= Your goal =
Retype, exactly as they appear below, the lines between the line holding "using fps_majorant_upto_divisor_series[OF N, of E2" and the line holding "using fps_majorant_upto_divisor_series[OF N, of E6", both ends included.

= Data items =
Segment Open

lemma fps_majorant_upto_s_coeff_series:
  assumes N: "N \<ge> 1"
  shows "fps_majorant_upto N (E2 ^ a * E4 ^ b * E6 ^ c) (fps_of_poly (majorant_poly N a b c) oo fps_nat_seq)"
proof -
  define L where "L = 1 + ln (real N)"
  have "fps_majorant_upto N E2 (1 + fps_const (24 * L) * fps_nat_seq)"
    using fps_majorant_upto_divisor_series[OF N, of E2 "-24" 0] E2_nth by (simp add: L_def)
  moreover have "fps_majorant_upto N E4 (1 + fps_const (240 * real N ^ 2 * L) * fps_nat_seq)"
    using fps_majorant_upto_divisor_series[OF N, of E4 240 2] E4_nth by (simp add: L_def)
  moreover have "fps_majorant_upto N E6 (1 + fps_const (504 * real N ^ 4 * L) * fps_nat_seq)"
    using fps_majorant_upto_divisor_series[OF N, of E6 "-504" 4] E6_nth by (simp add: L_def)
  moreover have "fps_of_poly (majorant_poly N a b c) oo fps_nat_seq
      = (1 + fps_const (24 * L) * fps_nat_seq) ^ a * (1 + fps_const (240 * real N ^ 2 * L) * fps_nat_seq) ^ b
        * (1 + fps_const (504 * real N ^ 4 * L) * fps_nat_seq) ^ c"
    by (simp add: majorant_poly_def L_def fps_of_poly_mult fps_of_poly_power fps_compose_mult_distrib
        fps_compose_nat_seq_linear flip: fps_compose_power)
  ultimately show ?thesis
    by (simp add: fps_majorant_upto_mult fps_majorant_upto_power)
qed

Segment Closed

= Response to the task =
    using fps_majorant_upto_divisor_series[OF N, of E2 "-24" 0] E2_nth by (simp add: L_def)
  moreover have "fps_majorant_upto N E4 (1 + fps_const (240 * real N ^ 2 * L) * fps_nat_seq)"
    using fps_majorant_upto_divisor_series[OF N, of E4 240 2] E4_nth by (simp add: L_def)
  moreover have "fps_majorant_upto N E6 (1 + fps_const (504 * real N ^ 4 * L) * fps_nat_seq)"
    using fps_majorant_upto_divisor_series[OF N, of E6 "-504" 4] E6_nth by (simp add: L_def)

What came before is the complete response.